▶ [EXERCISE DESCRIPTION]
How many lines in the records below contain the word "forall"? Answer with the number and nothing else.

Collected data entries
____________

(* Let $G\in\mathrm{C}^1(\mathbb{R})$ be coercive and let $V\in\mathrm{Lip}(\mathbb{R})$ be $1$-periodic. For each $\theta\in\mathbb{R}$ there exist a unique $\overline{H}(\theta)\in\mathbb{R}$ and a unique $1$-periodic $f_\theta\in\mathrm{C}^1(\mathbb{R})$ such that $\int_0^1 f_\theta(x)\,dx=\theta$ and $$f_\theta'(x)+G(f_\theta(x))+V(x)=\overline{H}(\theta)\quad\text{for all }x\in\mathbb{R}.$$
   Context: $G$ coercive means $G(p)\to\infty$ as $p\to\pm\infty$. *)

theory Defs
  imports "HOL-Analysis.Analysis"
begin

definition C1 :: "(real \<Rightarrow> real) \<Rightarrow> bool" where
  "C1 f \<longleftrightarrow> f differentiable_on UNIV \<and> continuous_on UNIV (deriv f)"

definition coercive :: "(real \<Rightarrow> real) \<Rightarrow> bool" where
  "coercive G \<longleftrightarrow> filterlim G at_top at_top \<and> filterlim G at_top at_bot"

definition periodic1 :: "(real \<Rightarrow> real) \<Rightarrow> bool" where
  "periodic1 f \<longleftrightarrow> (\<forall>x. f (x + 1) = f x)"

definition Lip :: "(real \<Rightarrow> real) \<Rightarrow> bool" where
  "Lip V \<longleftrightarrow> (\<exists>L. L-lipschitz_on UNIV V)"

end

theory Submission
  imports Defs
begin

(*
  Two solutions with the same mean cross. Where f2 - f1 vanishes its derivative is
  H2 - H1, so for H2 > H1 the periodic function f2 - f1 could only cross zero upwards, which is
  impossible; hence H1 = H2. Then w = f2 - f1 satisfies |w'| <= L |w|, L a Lipschitz constant of G
  on the range of the solutions, and w vanishes identically by Gronwall's argument.

  Truncate G outside a large interval [-R, R] to a globally Lipschitz, bounded K and
  solve y' = H - V(t) - K(y), y(0) = a, by Picard iteration. y(1) is continuous and strictly
  increasing in H, so there is a unique H(a) with y(1) = a, depending continuously on a, and then
  y is 1-periodic. On a periodic solution K(y) stays within 2 sup|V| of H, by the same crossing
  argument applied to y - y(x). Coercivity of G then forces the mean of y below theta for a very
  negative a and above theta for a very positive a; the intermediate value theorem gives an a with
  mean theta, and the oscillation bound keeps that solution inside (-R, R), where K = G.
*)

lemma C1_has_real_derivative: "C1 f \<Longrightarrow> (f has_real_derivative deriv f x) (at x)"
  unfolding C1_def differentiable_on_def by (simp add: DERIV_deriv_iff_real_differentiable)

lemma C1_continuous_on: "C1 f \<Longrightarrow> continuous_on S f"
  by (meson C1_has_real_derivative DERIV_isCont continuous_at_imp_continuous_on)

lemma C1_if_has_real_derivative:
  assumes "\<And>x. (f has_real_derivative f' x) (at x)" and "continuous_on UNIV f'"
  shows "C1 f"
proof -
  have "deriv f = f'" using assms(1) by (intro ext DERIV_imp_deriv)
  then show ?thesis
    using assms unfolding C1_def differentiable_on_def real_differentiable_def by auto
qed

lemma C1_lipschitz_on_Icc:
  assumes "C1 G"
  obtains L where "L-lipschitz_on {a..b} G"
proof -
  have "continuous_on {a..b} (deriv G)"
    using assms unfolding C1_def by (meson continuous_on_subset subset_UNIV)
  then have "bounded (deriv G ` {a..b})"
    by (intro compact_imp_bounded compact_continuous_image compact_Icc)
  then obtain L where L: "\<And>x. x \<in> {a..b} \<Longrightarrow> norm (deriv G x) \<le> L"
    unfolding bounded_iff by blast
  have ordered: "dist (G x) (G y) \<le> L * dist x y" if "x \<in> {a..b}" "y \<in> {a..b}" "x < y" for x y
  proof -
    obtain z where z: "x < z" "z < y" "G y - G x = (y - x) * deriv G z"
      using MVT2[OF \<open>x < y\<close>, of G "deriv G"] C1_has_real_derivative[OF assms] by blast
    have "dist (G x) (G y) = (y - x) * \<bar>deriv G z\<bar>"
      using z(3) \<open>x < y\<close> by (simp add: dist_real_def abs_minus_commute[of "G x"] abs_mult)
    also have "\<dots> \<le> (y - x) * L"
      using L[of z] that z \<open>x < y\<close> by (intro mult_left_mono) auto
    finally show ?thesis using \<open>x < y\<close> by (simp add: dist_real_def mult.commute)
  qed
  have "dist (G x) (G y) \<le> L * dist x y" if "x \<in> {a..b}" "y \<in> {a..b}" for x y
    using ordered[OF that] ordered[OF that(2,1)]
    by (cases x y rule: linorder_cases) (auto simp: dist_commute)
  moreover have "0 \<le> L" if "a \<le> b" using L[of a] that by auto
  ultimately have "L-lipschitz_on {a..b} G" if "a \<le> b" using that by (intro lipschitz_onI)
  moreover have "0-lipschitz_on {a..b} G" if "\<not> a \<le> b" using that by simp
  ultimately show thesis using that by blast
qed

lemma C1_clamp_lipschitz_bounded:
  assumes "C1 G" and "0 \<le> R"
  obtains L B where "0 < L" and "L-lipschitz_on UNIV (\<lambda>p. G (max (- R) (min R p)))"
    and "\<And>p. \<bar>G (max (- R) (min R p))\<bar> \<le> B"
proof -
  define clamp where "clamp p = max (- R) (min R p)" for p :: real
  have range: "clamp p \<in> {-R..R}" for p using \<open>0 \<le> R\<close> by (simp add: clamp_def)
  obtain LG where LG: "LG-lipschitz_on {-R..R} G" using C1_lipschitz_on_Icc[OF assms(1)] .
  have "1-lipschitz_on UNIV clamp"
    by (rule lipschitz_onI) (auto simp: clamp_def dist_real_def abs_if)
  moreover have "LG-lipschitz_on (range clamp) G"
    using LG by (rule lipschitz_on_subset) (use range in auto)
  ultimately have "(LG * 1)-lipschitz_on UNIV (\<lambda>p. G (clamp p))" by (rule lipschitz_on_compose2)
  then have "(LG + 1)-lipschitz_on UNIV (\<lambda>p. G (clamp p))" by (rule lipschitz_on_mono) auto
  moreover have "0 < LG + 1" using lipschitz_on_nonneg[OF LG] by simp
  moreover obtain B where "\<And>p. p \<in> {-R..R} \<Longrightarrow> \<bar>G p\<bar> \<le> B"
    using compact_imp_bounded[OF compact_continuous_image[OF C1_continuous_on[OF assms(1)] compact_Icc]]
    unfolding bounded_iff by (metis image_eqI real_norm_def)
  ultimately show thesis using that range unfolding clamp_def by blast
qed

lemma coercive_gt_outside:
  assumes "coercive G"
  obtains R where "\<And>p. R \<le> \<bar>p\<bar> \<Longrightarrow> c < G p"
proof -
  have "\<forall>\<^sub>F p in at_top. c + 1 \<le> G p" "\<forall>\<^sub>F p in at_bot. c + 1 \<le> G p"
    using assms unfolding coercive_def filterlim_at_top by blast+
  then obtain N1 N2 where N1: "\<And>p. N1 \<le> p \<Longrightarrow> c + 1 \<le> G p"
    and N2: "\<And>p. p \<le> N2 \<Longrightarrow> c + 1 \<le> G p"
    unfolding eventually_at_top_linorder eventually_at_bot_linorder by blast
  have "c < G p" if "max N1 (- N2) \<le> \<bar>p\<bar>" for p
  proof (cases "0 \<le> p")
    case True
    then have "N1 \<le> p" using that by simp
    then show ?thesis using N1 by force
  next
    case False
    then have "p \<le> N2" using that by simp
    then show ?thesis using N2 by force
  qed
  then show thesis by (rule that)
qed

lemma periodic1_add_of_nat:
  assumes "periodic1 f" shows "f (x + of_nat n) = f x"
proof (induction n)
  case (Suc n)
  have "f (x + of_nat (Suc n)) = f ((x + of_nat n) + 1)" by (simp add: add_ac)
  also have "\<dots> = f x" using Suc assms unfolding periodic1_def by simp
  finally show ?case .
qed simp

lemma periodic1_add_of_int:
  assumes "periodic1 f" shows "f (x + of_int k) = f x"
proof (cases "0 \<le> k")
  case True
  then show ?thesis using periodic1_add_of_nat[OF assms, of x "nat k"] by simp
next
  case False
  then show ?thesis using periodic1_add_of_nat[OF assms, of "x + of_int k" "nat (- k)"] by simp
qed

lemma periodic1_frac: "periodic1 f \<Longrightarrow> f (frac x) = f x"
  using periodic1_add_of_int[of f "frac x" "\<lfloor>x\<rfloor>"] by (simp add: frac_def)

lemma periodic1_bounded:
  assumes "continuous_on UNIV f" and "periodic1 f"
  obtains B where "\<And>x. \<bar>f x\<bar> \<le> B"
proof -
  have "f x \<in> f ` {0..1}" for x
    using periodic1_frac[OF assms(2), of x] frac_ge_0[of x] frac_lt_1[of x]
    by (metis atLeastAtMost_iff image_eqI less_imp_le)
  moreover have "bounded (f ` {0..1})"
    by (meson assms(1) compact_Icc compact_continuous_image compact_imp_bounded
        continuous_on_subset subset_UNIV)
  ultimately show thesis using that unfolding bounded_iff by (metis real_norm_def)
qed

lemma mult_exp_neg_le:
  fixes c x :: real
  assumes "0 < c"
  shows "x * exp (- (c * x)) \<le> 1 / c"
proof -
  have "c * x \<le> exp (c * x)" using exp_ge_add_one_self[of "c * x"] by linarith
  then have "x \<le> exp (c * x) / c" using assms by (simp add: field_simps)
  then have "x * exp (- (c * x)) \<le> exp (c * x) / c * exp (- (c * x))"
    by (rule mult_right_mono) simp
  also have "\<dots> = 1 / c" by (simp add: exp_minus field_simps)
  finally show ?thesis .
qed

lemma integral_exp_mult:
  fixes c t :: real
  assumes "0 < c" and "0 \<le> t"
  shows "integral {0..t} (\<lambda>s. exp (c * s)) = (exp (c * t) - 1) / c"
proof -
  have "((\<lambda>s. exp (c * s)) has_integral (exp (c * t) / c - exp (c * 0) / c)) {0..t}"
  proof (rule fundamental_theorem_of_calculus[OF \<open>0 \<le> t\<close>])
    fix x
    have "((\<lambda>s. exp (c * s) / c) has_real_derivative exp (c * x)) (at x within {0..t})"
      using \<open>0 < c\<close> by (auto intro!: derivative_eq_intros)
    then show "((\<lambda>s. exp (c * s) / c) has_vector_derivative exp (c * x)) (at x within {0..t})"
      by (simp add: has_real_derivative_iff_has_vector_derivative)
  qed
  then show ?thesis by (simp add: integral_unique diff_divide_distrib)
qed

lemma integral_mean_value:
  fixes w :: "real \<Rightarrow> real"
  assumes cont: "continuous_on {a..b} w" and "a < b"
  obtains z where "z \<in> {a..b}" "integral {a..b} w = (b - a) * w z"
proof -
  have "{a..b} \<noteq> {}" using \<open>a < b\<close> by simp
  then obtain m M where m: "m \<in> {a..b}" "\<And>x. x \<in> {a..b} \<Longrightarrow> w m \<le> w x"
    and M: "M \<in> {a..b}" "\<And>x. x \<in> {a..b} \<Longrightarrow> w x \<le> w M"
    using continuous_attains_inf[OF compact_Icc _ cont] continuous_attains_sup[OF compact_Icc _ cont]
    by meson
  have int: "w integrable_on {a..b}" using cont by (rule integrable_continuous_interval)
  have "(b - a) * w m \<le> integral {a..b} w" "integral {a..b} w \<le> (b - a) * w M"
    using integral_le[OF integrable_const_ivl int, of "w m"] integral_le[OF int integrable_const_ivl, of "w M"]
      m M \<open>a < b\<close> by (auto simp: mult.commute)
  then have "integral {a..b} w / (b - a) \<in> {w m..w M}"
    using \<open>a < b\<close> by (auto simp: field_simps)
  also have "\<dots> \<subseteq> w ` {a..b}"
    using m M by (intro connected_contains_Icc connected_continuous_image cont) auto
  finally show thesis using that \<open>a < b\<close> by (auto simp: field_simps)
qed

lemma integral_lipschitz_on:
  fixes h :: "real \<Rightarrow> real"
  assumes cont: "continuous_on UNIV h" and bound: "\<And>s. \<bar>h s\<bar> \<le> C"
  shows "C-lipschitz_on UNIV (\<lambda>t. integral {0..t} h)"
proof -
  have "0 \<le> C" using bound[of 0] by linarith
  have int: "h integrable_on {a..b}" for a b
    using cont by (meson continuous_on_subset integrable_continuous_interval subset_UNIV)
  have ordered: "\<bar>integral {0..t} h - integral {0..t'} h\<bar> \<le> C * (t - t')" if "0 \<le> t'" "t' \<le> t" for t t'
  proof -
    have "integral {0..t'} h + integral {t'..t} h = integral {0..t} h"
      by (rule Henstock_Kurzweil_Integration.integral_combine) (use that int in auto)
    moreover have "norm (integral {t'..t} h) \<le> integral {t'..t} (\<lambda>_. C)"
      using bound by (intro integral_norm_bound_integral int integrable_const_ivl) auto
    ultimately show ?thesis using that by (simp add: mult.commute)
  qed
  \<comment> \<open>the integral over \<open>{0..t}\<close> vanishes for \<open>t < 0\<close>\<close>
  have clamp: "integral {0..t} h = integral {0..max 0 t} h" for t
    by (cases "0 \<le> t") auto
  have nonneg: "\<bar>integral {0..p} h - integral {0..q} h\<bar> \<le> C * \<bar>p - q\<bar>" if "0 \<le> p" "0 \<le> q" for p q
  proof (cases "q \<le> p")
    case True
    then show ?thesis using ordered[of q p] that by simp
  next
    case False
    then show ?thesis using ordered[of p q] that by (simp add: abs_minus_commute)
  qed
  show ?thesis
  proof (rule lipschitz_onI)
    fix x y :: real
    have "\<bar>integral {0..max 0 x} h - integral {0..max 0 y} h\<bar> \<le> C * \<bar>max 0 x - max 0 y\<bar>"
      by (rule nonneg) auto
    also have "\<dots> \<le> C * \<bar>x - y\<bar>" using \<open>0 \<le> C\<close> by (intro mult_left_mono) auto
    finally show "dist (integral {0..x} h) (integral {0..y} h) \<le> C * dist x y"
      by (simp add: dist_real_def clamp[of x] clamp[of y])
  qed fact
qed

lemma continuous_root_of_strict_mono:
  fixes F :: "real \<Rightarrow> real \<Rightarrow> real" and h :: "real \<Rightarrow> real"
  assumes mono: "\<And>a. strict_mono (\<lambda>H. F H a)" and cont: "\<And>H. continuous_on UNIV (F H)"
    and root: "\<And>a. F (h a) a = 0"
  shows "continuous_on UNIV h"
proof -
  have "(h \<longlongrightarrow> h a) (at a)" for a
  proof (rule order_tendstoI)
    have F_tendsto: "(F y \<longlongrightarrow> F y a) (at a)" for y
      using cont by (simp add: continuous_on_def)
    fix y assume "y < h a"
    then have "F y a < 0" using strict_monoD[OF mono] root by metis
    then have "\<forall>\<^sub>F a' in at a. F y a' < F (h a') a'"
      using order_tendstoD(2)[OF F_tendsto] root by simp
    then show "\<forall>\<^sub>F a' in at a. y < h a'"
      by (rule eventually_mono) (use mono strict_mono_less in blast)
  next
    have F_tendsto: "(F y \<longlongrightarrow> F y a) (at a)" for y
      using cont by (simp add: continuous_on_def)
    fix y assume "h a < y"
    then have "0 < F y a" using strict_monoD[OF mono] root by metis
    then have "\<forall>\<^sub>F a' in at a. F (h a') a' < F y a'"
      using order_tendstoD(1)[OF F_tendsto] root by simp
    then show "\<forall>\<^sub>F a' in at a. h a' < y"
      by (rule eventually_mono) (use mono strict_mono_less in blast)
  qed
  then show ?thesis by (simp add: continuous_at_imp_continuous_on isCont_def)
qed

____________

▶ [ANSWER TO THIS EXERCISE]
6